Could you retype every line of the data underneath without altering anything?

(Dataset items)

+ + + +

text \<open>Middle-four interchange (a\<otimes>a)\<otimes>(b\<otimes>b) \<rightarrow> (a\<otimes>b)\<otimes>(a\<otimes>b).\<close>
definition middle4 :: "('o, 'm) mcat \<Rightarrow> 'o \<Rightarrow> 'o \<Rightarrow> 'm" where
  "middle4 C a b =
     comp C (assoc_inv C a b (otens C a b))
      (comp C (mtens C (mid C a)
                 (comp C (assoc C b a b)
                    (comp C (mtens C (swap C a b) (mid C b)) (assoc_inv C a b b))))
         (assoc C a a (otens C b b)))"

+ + + +

**Expected output**
text \<open>Middle-four interchange (a\<otimes>a)\<otimes>(b\<otimes>b) \<rightarrow> (a\<otimes>b)\<otimes>(a\<otimes>b).\<close>
definition middle4 :: "('o, 'm) mcat \<Rightarrow> 'o \<Rightarrow> 'o \<Rightarrow> 'm" where
  "middle4 C a b =
     comp C (assoc_inv C a b (otens C a b))
      (comp C (mtens C (mid C a)
                 (comp C (assoc C b a b)
                    (comp C (mtens C (swap C a b) (mid C b)) (assoc_inv C a b b))))
         (assoc C a a (otens C b b)))"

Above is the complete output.